_Your instructions:_ Find the line with "y by (auto simp: minkowski_sum_def)". Transcribe it and each later line of the data exactly, up to and including the last.
[Dataset excerpts]
text \<open>The homothety yields mutually inverse integral base changes, so the determinant is \<plusminus>1;
  since both points lie in the upper half-plane it is 1.\<close>

lemma homothetic_lattice1_moebius:
  assumes "Im w > 0" "Im w' > 0" "lattice1 w = (*) v ` lattice1 w'"
  shows "\<exists>\<gamma>\<in>SL2Z. w = moebius \<gamma> w'"
proof -
  have wne: "Im w \<noteq> 0" using assms(1) by simp
  obtain x y where "w = v * x" "1 = v * y" "x \<in> lattice1 w'" "y \<in> lattice1 w'"
    using lattice1_self[of w] lattice1_one[of w] unfolding assms(3) by blast
  then obtain p q r s where pq: "w = v * (of_int p * w' + of_int q)" and rs: "1 = v * (of_int r * w' + of_int s)"
    unfolding lattice1_iff by blast
  have "v * w' \<in> lattice1 w" "v * 1 \<in> lattice1 w"
    using lattice1_self[of w'] lattice1_one[of w'] unfolding assms(3) by blast+
  then obtain p' q' r' s' where pq': "v * w' = of_int p' * w + of_int q'" and rs': "v = of_int r' * w + of_int s'"
    unfolding lattice1_iff by auto
  have "w = of_int p * (v * w') + of_int q * v" using pq by (simp add: algebra_simps)
  hence "of_int 1 * w + of_int 0 = of_int (p * p' + q * r') * w + of_int (p * q' + q * s')"
    unfolding pq' rs'[symmetric] unfolding rs' by (simp add: algebra_simps)
  from lattice1_coeffs_unique[OF wne this] have e1: "p * p' + q * r' = 1" "p * q' + q * s' = 0" by simp_all
  have "1 = of_int r * (v * w') + of_int s * v" using rs by (simp add: algebra_simps)
  hence "of_int 0 * w + of_int 1 = of_int (r * p' + s * r') * w + of_int (r * q' + s * s')"
    unfolding pq' rs'[symmetric] unfolding rs' by (simp add: algebra_simps)
  from lattice1_coeffs_unique[OF wne this] have e2: "r * p' + s * r' = 0" "r * q' + s * s' = 1" by simp_all
  have "(p * s - q * r) * (p' * s' - q' * r')
      = (p * p' + q * r') * (r * q' + s * s') - (p * q' + q * s') * (r * p' + s * r')"
    by (simp add: algebra_simps)
  hence "(p * s - q * r) * (p' * s' - q' * r') = 1" using e1 e2 by simp
  hence det: "p * s - q * r = 1 \<or> p * s - q * r = -1" using pos_zmult_eq_1_iff_lemma by blast
  have J: "of_int r * w' + of_int s \<noteq> 0" using rs by auto
  hence "v = 1 / (of_int r * w' + of_int s)" using rs by (simp add: eq_divide_eq)
  hence wm: "w = moebius (p, q, r, s) w'" unfolding moebius_eq pq by simp
  have "0 < of_int (p * s - q * r) * Im w' / (cmod (of_int r * w' + of_int s))^2"
    using assms(1) unfolding wm Im_moebius .
  hence "p * s - q * r > 0" using assms(2) J
    by (simp add: zero_less_divide_iff zero_less_mult_iff del: of_int_mult of_int_diff)
  hence "(p, q, r, s) \<in> SL2Z" using det unfolding SL2Z_iff by linarith
  thus ?thesis using wm by blast
qed
definition equiangular :: "nat \<Rightarrow> nat \<Rightarrow> (nat \<Rightarrow> nat \<Rightarrow> complex) \<Rightarrow> bool" where
  "equiangular N M Phi \<longleftrightarrow>
     (\<forall>i<M. \<forall>j<M. vnorm N (Phi i) = vnorm N (Phi j)) \<and>
     (\<exists>c. \<forall>i<M. \<forall>j<M. i \<noteq> j \<longrightarrow> cmod (vinner N (Phi i) (Phi j)) = c)"

definition TC :: "nat \<Rightarrow> nat \<Rightarrow> (nat \<Rightarrow> nat \<Rightarrow> complex) \<Rightarrow> real" where
  "TC N M Phi = (\<Sum>i<M. \<Sum>j<M. if i \<noteq> j then cmod (vinner N (Phi i) (Phi j)) else 0)"

definition TC_full :: "nat \<Rightarrow> nat \<Rightarrow> (nat \<Rightarrow> nat \<Rightarrow> complex) \<Rightarrow> real" where
  "TC_full N M Phi = (\<Sum>i<M. \<Sum>j<M. cmod (vinner N (Phi i) (Phi j)))"

end

theory Submission
  imports Defs "HOL-Analysis.Convex"
begin

text \<open>A Parseval frame satisfies \<open>\<Sum>\<^sub>j |\<langle>x,\<psi>\<^sub>j\<rangle>|\<^sup>2 = \<parallel>x\<parallel>\<^sup>2\<close>; applied to \<open>x = \<psi>\<^sub>i\<close> and summed
  over \<open>i\<close> this gives \<open>\<Sum>\<^sub>i\<^sub>,\<^sub>j |\<langle>\<psi>\<^sub>i,\<psi>\<^sub>j\<rangle>|\<^sup>2 = \<Sum>\<^sub>i \<parallel>\<psi>\<^sub>i\<parallel>\<^sup>2 = N\<close>. Cauchy-Schwarz for the
  \<open>M(M-1)\<close> off-diagonal moduli and for the \<open>M\<close> squared norms then yields
  \<open>TC(\<Psi>)\<^sup>2 \<le> N(M-1)(M-N)\<close>; more precisely the gap is the sum of the two Cauchy-Schwarz
  defects, so equality holds exactly when both families are constant, i.e. when the frame is
  equiangular. The admissible coordinate set \<open>K\<close> plays no role.\<close>

lemma sum_diff_squared_pairs:
  fixes f :: "'a \<Rightarrow> real"
  shows "(\<Sum>i\<in>I. \<Sum>j\<in>I. (f i - f j)\<^sup>2) = 2 * ((\<Sum>i\<in>I. (f i)\<^sup>2) * card I - (\<Sum>i\<in>I. f i)\<^sup>2)"
  by (simp add: power2_diff sum.distrib sum_subtractf sum_distrib_left sum_distrib_right
      power2_eq_square algebra_simps)
lemma in_cspan_e01:
  assumes "\<forall>i\<ge>2. v i = 0" and "e0 \<notin> S \<Longrightarrow> v 0 = 0" and "e1 \<notin> S \<Longrightarrow> v 1 = 0"
  shows "v \<in> cspan S"
proof -
  let ?c = "\<lambda>s. if s = e0 then v 0 else v 1"
  have combination: "v = (\<lambda>i. \<Sum>s\<in>S \<inter> {e0, e1}. ?c s * s i)"
  proof
    fix i :: nat
    consider "i = 0" | "i = 1" | "2 \<le> i"
      by linarith
    then show "v i = (\<Sum>s\<in>S \<inter> {e0, e1}. ?c s * s i)"
    proof cases
      case 1
      then show ?thesis
        using assms by (cases "e0 \<in> S"; cases "e1 \<in> S") (simp_all add: e01_apply)
    next
      case 2
      then show ?thesis
        using assms by (cases "e0 \<in> S"; cases "e1 \<in> S") (simp_all add: e01_apply)
    next
      case 3
      then have "\<forall>s\<in>{e0, e1}. s i = 0"
        by (auto simp: e01_apply)
      then have "(\<Sum>s\<in>S \<inter> {e0, e1}. ?c s * s i) = 0"
        by (intro sum.neutral) auto
      then show ?thesis
        using assms(1) 3 by simp
    qed
  qed
  show ?thesis
    unfolding cspan_def mem_Collect_eq
    by (rule exI[of _ "S \<inter> {e0, e1}"], rule exI[of _ ?c]) (simp add: combination)
qed

lemma cspan_e01:
  assumes "S \<subseteq> {vzero, e0, e1}"
  shows "cspan S = {v. (\<forall>i\<ge>2. v i = 0) \<and> (e0 \<notin> S \<longrightarrow> v 0 = 0) \<and> (e1 \<notin> S \<longrightarrow> v 1 = 0)}"
proof (intro set_eqI iffI)
  fix v assume v: "v \<in> cspan S"
  have S: "s = vzero \<or> s = e0 \<or> s = e1" if "s \<in> S" for s
    using assms that by blast
  have "\<forall>s\<in>S. s i = 0" if "2 \<le> i" for i
    using S that by (fastforce simp: e01_apply)
  moreover have "\<forall>s\<in>S. s 0 = 0" if "e0 \<notin> S"
    using S that by (fastforce simp: e01_apply)
  moreover have "\<forall>s\<in>S. s 1 = 0" if "e1 \<notin> S"
    using S that by (fastforce simp: e01_apply)
  ultimately show "v \<in> {v. (\<forall>i\<ge>2. v i = 0) \<and> (e0 \<notin> S \<longrightarrow> v 0 = 0) \<and> (e1 \<notin> S \<longrightarrow> v 1 = 0)}"
    using cspan_coord_zero[OF v] by blast
qed (auto intro: in_cspan_e01)

lemma ypow_ya_id: "(\<And>n v. ya M n v = v) \<Longrightarrow> ypow M m d v = v"
  by (induction m) auto

lemma fin_genI_ya_id:
  assumes "\<And>n v. ya M n v = v" and "finite G" and "\<forall>(d, g)\<in>G. g \<in> comp M d"
    and "\<And>n. comp M n = cspan {xpow M b d g | a b d g. (d, g) \<in> G \<and> d + int b - int a = n}"
  shows "fin_gen M"
proof -
  have "\<forall>n. comp M n = cspan {ypow M a (d + int b) (xpow M b d g) | a b d g.
                                (d, g) \<in> G \<and> d + int b - int a = n}"
    using assms(4) by (simp add: ypow_ya_id[OF assms(1)])
  then show ?thesis
    unfolding fin_gen_def using assms(2,3) by blast
qed

lemma generator_mem_generated:
  assumes "(d, g) \<in> G" and "n \<le> d"
  shows "g \<in> {xpow M t d' g' | s t d' g'. (d', g') \<in> G \<and> d' + int t - int s = n}"
proof -
  have "g = xpow M 0 d g \<and> (d, g) \<in> G \<and> d + int 0 - int (nat (d - n)) = n"
    using assms by simp
  then show ?thesis
    by blast
qed

lemma xpow_arc_mod:
  "xpow (arc_mod ab) t d e0 = (if t = 0 then e0 else if t = 1 then e1 else vzero)"
  "xpow (arc_mod ab) t d e1 = (if t = 0 then e1 else vzero)"
proof (induction t)
  case (Suc t)
  show "xpow (arc_mod ab) (Suc t) d e0 = (if Suc t = 0 then e0 else if Suc t = 1 then e1 else vzero)"
    and "xpow (arc_mod ab) (Suc t) d e1 = (if Suc t = 0 then e1 else vzero)"
    using Suc by auto
qed simp_all

lemma xpow_arc_mod_e01: "g \<in> {vzero, e0, e1} \<Longrightarrow> xpow (arc_mod ab) t d g \<in> {vzero, e0, e1}"
  by (induction t) auto

lemma xpow_Cy_mod: "xpow Cy_mod t d v = (if t = 0 then v else vzero)"
  by (induction t) auto

lemma fin_gen_arc_mod:
  assumes arc: "is_arc (a, b)"
  shows "fin_gen (arc_mod (a, b))"
proof (rule fin_genI_ya_id)
  show "\<forall>(d, g)\<in>{(a, e0), (b, e1)}. g \<in> comp (arc_mod (a, b)) d"
    using arc by (auto intro: arc_mod_e0 arc_mod_e1)
  fix n
  let ?X = "{xpow (arc_mod (a, b)) t d g | s t d g. (d, g) \<in> {(a, e0), (b, e1)} \<and> d + int t - int s = n}"
  have "?X \<subseteq> {vzero, e0, e1}"
  proof
    fix v assume "v \<in> ?X"
    then obtain t d g where "v = xpow (arc_mod (a, b)) t d g" and "g \<in> {vzero, e0, e1}"
      by blast
    then show "v \<in> {vzero, e0, e1}"
      using xpow_arc_mod_e01 by simp
  qed
  moreover have "e0 \<in> ?X \<longleftrightarrow> n \<le> a"
    using generator_mem_generated[of a e0 "{(a, e0), (b, e1)}" n "arc_mod (a, b)"]
    by (auto simp: xpow_arc_mod split: if_splits)
  moreover have "e1 \<in> ?X \<longleftrightarrow> n \<le> b"
    using generator_mem_generated[of b e1 "{(a, e0), (b, e1)}" n "arc_mod (a, b)"] arc
    by (auto simp: xpow_arc_mod is_arc_def split: if_splits)
  ultimately show "comp (arc_mod (a, b)) n = cspan ?X"
    using arc by (simp add: cspan_e01 arc_mod_comp)
qed simp_all

lemma fin_gen_Cy_mod: "fin_gen Cy_mod"
proof (rule fin_genI_ya_id)
  show "\<forall>(d, g)\<in>{(0, e0)}. g \<in> comp Cy_mod d"
    by (simp add: e0_def)
  fix n
  let ?X = "{xpow Cy_mod t d g | s t d g. (d, g) \<in> {(0, e0)} \<and> d + int t - int s = n}"
  have "?X \<subseteq> {vzero, e0, e1}"
    by (auto simp: xpow_Cy_mod)
  moreover have "e0 \<in> ?X \<longleftrightarrow> n \<le> 0"
    using generator_mem_generated[of 0 e0 "{(0, e0)}" n Cy_mod]
    by (auto simp: xpow_Cy_mod split: if_splits)
  moreover have "e1 \<notin> ?X"
    by (auto simp: xpow_Cy_mod)
  ultimately show "comp Cy_mod n = cspan ?X"
    by (simp add: cspan_e01)
qed simp_all

lemma C2obj_arc_mod: "is_arc (a, b) \<Longrightarrow> C2obj (arc_mod (a, b))"
  unfolding C2obj_def MCM_def graded_module_def csubspace_def clinear_on_def
  by (auto simp: fin_gen_arc_mod arc_mod_comp arc_mod_xa vzero_def vadd_def vsc_def is_arc_def)

lemma C2obj_Cy_mod: "C2obj Cy_mod"
  unfolding C2obj_def MCM_def graded_module_def csubspace_def clinear_on_def
  by (auto simp: fin_gen_Cy_mod vzero_def vadd_def vsc_def)

lemma hom_mem: "hom M N f \<Longrightarrow> v \<in> comp M n \<Longrightarrow> f n v \<in> comp N n"
  unfolding hom_def by blast

lemma hom_clinear_on: "hom M N f \<Longrightarrow> clinear_on (comp M n) (f n)"
  unfolding hom_def by blast

lemma hom_xa: "hom M N f \<Longrightarrow> v \<in> comp M n \<Longrightarrow> f (n + 1) (xa M n v) = xa N n (f n v)"
  unfolding hom_def by blast

lemma hom_ya: "hom M N f \<Longrightarrow> v \<in> comp M n \<Longrightarrow> f (n - 1) (ya M n v) = ya N n (f n v)"
  unfolding hom_def by blast

lemma hom_mcomp: "hom A B p \<Longrightarrow> hom B C q \<Longrightarrow> hom A C (mcomp q p)"
  unfolding hom_def mcomp_def clinear_on_def by (simp add: image_subset_iff)

lemma hom_mid: "hom M M mid"
  unfolding hom_def clinear_on_def mid_def by simp

lemma clinear_on_vzero:
  assumes "clinear_on S f" and "vzero \<in> S"
  shows "f vzero = vzero"
proof -
  have "f vzero = f (vsc 0 vzero)"
    by (simp add: vsc_def vzero_def)
  also have "\<dots> = vsc 0 (f vzero)"
    using assms unfolding clinear_on_def by blast
  also have "\<dots> = vzero"
    by (simp add: vsc_def vzero_def)
  finally show ?thesis .
qed

lemma csubspace_sum:
  assumes "csubspace S" and "finite I" and "\<forall>i\<in>I. w i \<in> S"
  shows "(\<lambda>t. \<Sum>i\<in>I. w i t) \<in> S"
  using assms(2,3)
proof (induction I rule: finite_induct)
  case empty
  then show ?case
    using assms(1) by (simp add: csubspace_def vzero_def)
next
  case (insert j I)
  then have "vadd (w j) (\<lambda>t. \<Sum>i\<in>I. w i t) \<in> S"
    using assms(1) by (simp add: csubspace_def)
  then show ?case
    using insert by (simp add: vadd_def)
qed

lemma clinear_on_sum:
  assumes "clinear_on S f" and "csubspace S" and "finite I" and "\<forall>i\<in>I. w i \<in> S"
  shows "f (\<lambda>t. \<Sum>i\<in>I. w i t) = (\<lambda>t. \<Sum>i\<in>I. f (w i) t)"
  using assms(3,4)
proof (induction I rule: finite_induct)
  case empty
  then show ?case
    using clinear_on_vzero[OF assms(1)] assms(2) by (simp add: csubspace_def vzero_def)
next
  case (insert j I)
  have "(\<lambda>t. \<Sum>i\<in>insert j I. w i t) = vadd (w j) (\<lambda>t. \<Sum>i\<in>I. w i t)"
    using insert by (simp add: vadd_def)
  moreover have "(\<lambda>t. \<Sum>i\<in>I. w i t) \<in> S" and "w j \<in> S"
    using csubspace_sum[OF assms(2) \<open>finite I\<close>, of w] insert.prems by simp_all
  then have "f (vadd (w j) (\<lambda>t. \<Sum>i\<in>I. w i t)) = vadd (f (w j)) (f (\<lambda>t. \<Sum>i\<in>I. w i t))"
    using assms(1) unfolding clinear_on_def by blast
  ultimately show ?case
    using insert by (simp add: vadd_def)
qed

lemma is_dsum_single: "is_dsum M 1 (\<lambda>_. M)"
  unfolding is_dsum_def
proof (intro exI conjI)
  show "\<forall>i<1. hom M M mid \<and> hom M M mid"
    using hom_mid by blast
qed (simp_all add: meq_def mcomp_def mid_def)

lemma arc_subcat_arc_mod:
  assumes "\<alpha> \<in> T" and "is_arc \<alpha>"
  shows "arc_subcat T (arc_mod \<alpha>)"
  unfolding arc_subcat_def
proof (intro conjI exI)
  show "C2obj (arc_mod \<alpha>)"
    using assms(2) C2obj_arc_mod[of "fst \<alpha>" "snd \<alpha>"] by simp
  show "\<forall>i<1. \<exists>\<beta>\<in>T. arc_mod \<alpha> = arc_mod \<beta>"
    using assms(1) by blast
qed (rule is_dsum_single)

lemma hom_mod_x: "is_arc (a, b) \<Longrightarrow> a \<le> 0 \<Longrightarrow> hom (arc_mod (a, b)) Cy_mod mod_x"
  unfolding hom_def clinear_on_def
  by (auto simp: mod_x_def arc_mod_comp arc_mod_xa vadd_def vsc_def vzero_def fun_eq_iff)

lemma mod_x_e0 [simp]: "mod_x n e0 = e0"
  by (simp add: mod_x_def e0_def fun_eq_iff)

lemma hom_arc_mod_e1_shift:
  assumes arc: "is_arc (a, b)" and q: "hom (arc_mod (a, b)) N q" and N: "\<And>n v. ya N n v = v"
    and "m \<le> n" and "n \<le> b"
  shows "q m e1 = q n e1"
  using \<open>m \<le> n\<close> \<open>n \<le> b\<close>
proof (induction n rule: int_ge_induct)
  case (step n)
  have "q n e1 = q (n + 1) e1"
    using hom_ya[OF q arc_mod_e1[OF arc step.prems]] N by simp
  then show ?case
    using step by simp
qed simp

(* x maps the generator e0 of degree a' to e1, which y carries unchanged up to degree b' > b,
   where the target has no x-part. *)
lemma hom_arc_mod_shorter_generator:
  assumes arc: "is_arc (a, b)" and arc': "is_arc (a', b')" and "b < b'"
    and p: "hom (arc_mod (a', b')) (arc_mod (a, b)) p"
  shows "p a' e0 0 = 0"
proof -
  have "p (a' + 1) e1 = p b' e1"
    using hom_arc_mod_e1_shift[OF arc' p] arc' by (simp add: is_arc_def)
  moreover have "p b' e1 \<in> comp (arc_mod (a, b)) b'"
    using hom_mem[OF p arc_mod_e1[OF arc' order_refl]] .
  ultimately have "p (a' + 1) e1 1 = 0"
    using arc \<open>b < b'\<close> by (simp add: arc_mod_comp)
  moreover have "p (a' + 1) e1 = xa (arc_mod (a, b)) a' (p a' e0)"
    using hom_xa[OF p arc_mod_e0[OF arc' order_refl]] by simp
  ultimately show ?thesis
    by (simp add: arc_mod_xa)
qed
definition timed_since ::
    "(nat \<Rightarrow> nat) \<Rightarrow> interval \<Rightarrow> (nat \<Rightarrow> bool) \<Rightarrow> (nat \<Rightarrow> bool) \<Rightarrow> nat \<Rightarrow> bool" where
  "timed_since \<tau> I P Q k \<longleftrightarrow>
     (\<exists>j\<le>k. in_ivl (\<tau> k - \<tau> j) I \<and> Q j \<and> (\<forall>i. j < i \<and> i \<le> k \<longrightarrow> P i))"

lemma sat_Until_iff_timed_until:
  "sat L H T \<tau> k (Until I \<psi> \<phi>) \<longleftrightarrow>
     timed_until L \<tau> I (\<lambda>i. sat L H T \<tau> i \<psi>) (\<lambda>i. sat L H T \<tau> i \<phi>) k"
  by (simp add: timed_until_def)

lemma sat_Release_iff_not_timed_until:
  "sat L H T \<tau> k (Release I \<psi> \<phi>) \<longleftrightarrow>
     \<not> timed_until L \<tau> I (\<lambda>i. \<not> sat L H T \<tau> i \<psi>) (\<lambda>i. \<not> sat L H T \<tau> i \<phi>) k"
  by (auto simp: timed_until_def)

lemma sat_Since_iff_timed_since:
  "sat L H T \<tau> k (Since I \<psi> \<phi>) \<longleftrightarrow>
     timed_since \<tau> I (\<lambda>i. sat L H T \<tau> i \<psi>) (\<lambda>i. sat L H T \<tau> i \<phi>) k"
  by (simp add: timed_since_def)
lemma aff_dim_minkowski_sum:
  assumes A: "A \<subseteq> RI S" "A \<noteq> {}" and B: "B \<subseteq> RI T" "B \<noteq> {}"
  shows "aff_dim (minkowski_sum A B) = aff_dim A + aff_dim B"
proof -
  have l1: "linear (\<lambda>x::'e pt. (x, 0::'e pt))" by (rule linearI) auto
  have i1: "inj (\<lambda>x::'e pt. (x, 0::'e pt))" by (rule injI) auto
  have "aff_dim (minkowski_sum A B) = aff_dim ((\<lambda>x. (x, 0::'e pt)) ` minkowski_sum A B)"
    using aff_dim_injective_linear_image[OF l1 i1] by simp
  also have "(\<lambda>x. (x, 0::'e pt)) ` minkowski_sum A B = minkowski_sum A B \<times> {0}" by auto
  also have "\<dots> = coord_swap ` (A \<times> B)" using coord_swap_Times[OF A(1) B(1)] by simp
  also have "aff_dim \<dots> = aff_dim (A \<times> B)"
    using aff_dim_injective_linear_image[OF linear_coord_swap inj_coord_swap] by simp
  also have "\<dots> = aff_dim A + aff_dim B" using aff_dim_Times A B by blast
  finally show ?thesis .
qed

lemma dimension_minkowski_sum:
  assumes A: "A \<subseteq> RI S" "A \<noteq> {}" and B: "B \<subseteq> RI T" "B \<noteq> {}"
  shows "dimension (minkowski_sum A B) = dimension A + dimension B"
proof -
  have "aff_dim A \<ge> 0" "aff_dim B \<ge> 0"
    using A(2) B(2) aff_dim_negative_iff[of A] aff_dim_negative_iff[of B] by linarith+
  then show ?thesis using aff_dim_minkowski_sum[OF A B] by (simp add: dimension_def nat_add_distrib)
qed

lemma coord_proj_left_lineality:
  assumes A: "A \<subseteq> RI S" and B: "B \<subseteq> RI T" "B \<noteq> {}" and d: "d \<in> lineality (minkowski_sum A B)"
  shows "coord_proj S d \<in> lineality A"
proof (unfold lineality_def, intro CollectI ballI allI)
  fix x t assume x: "x \<in> A"
  obtain y where y: "y \<in> B" using B by blast
  have "x + y \<in> minkowski_sum A B" using x y by (auto simp: minkowski_sum_def)
  then have "(x + y) + t *\<^sub>R d \<in> minkowski_sum A B" using d by (simp add: lineality_def)
  then obtain p q where pq: "p \<in> A" "q \<in> B" "(x + y) + t *\<^sub>R d = p + q" by (auto simp: minkowski_sum_def)
  have "coord_proj S ((x + y) + t *\<^sub>R d) = x + t *\<^sub>R coord_proj S d"
    using x y A B coord_proj_add_left by (simp add: coord_proj_add coord_proj_scaleR subset_iff)
  moreover have "coord_proj S (p + q) = p" using pq A B coord_proj_add_left by (auto simp: subset_iff)
  ultimately show "x + t *\<^sub>R coord_proj S d \<in> A" using pq by simp
qed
[/Dataset excerpts]
_Completed exercise:_
  have "x + y \<in> minkowski_sum A B" using x y by (auto simp: minkowski_sum_def)
  then have "(x + y) + t *\<^sub>R d \<in> minkowski_sum A B" using d by (simp add: lineality_def)
  then obtain p q where pq: "p \<in> A" "q \<in> B" "(x + y) + t *\<^sub>R d = p + q" by (auto simp: minkowski_sum_def)
  have "coord_proj S ((x + y) + t *\<^sub>R d) = x + t *\<^sub>R coord_proj S d"
    using x y A B coord_proj_add_left by (simp add: coord_proj_add coord_proj_scaleR subset_iff)
  moreover have "coord_proj S (p + q) = p" using pq A B coord_proj_add_left by (auto simp: subset_iff)
  ultimately show "x + t *\<^sub>R coord_proj S d \<in> A" using pq by simp
qed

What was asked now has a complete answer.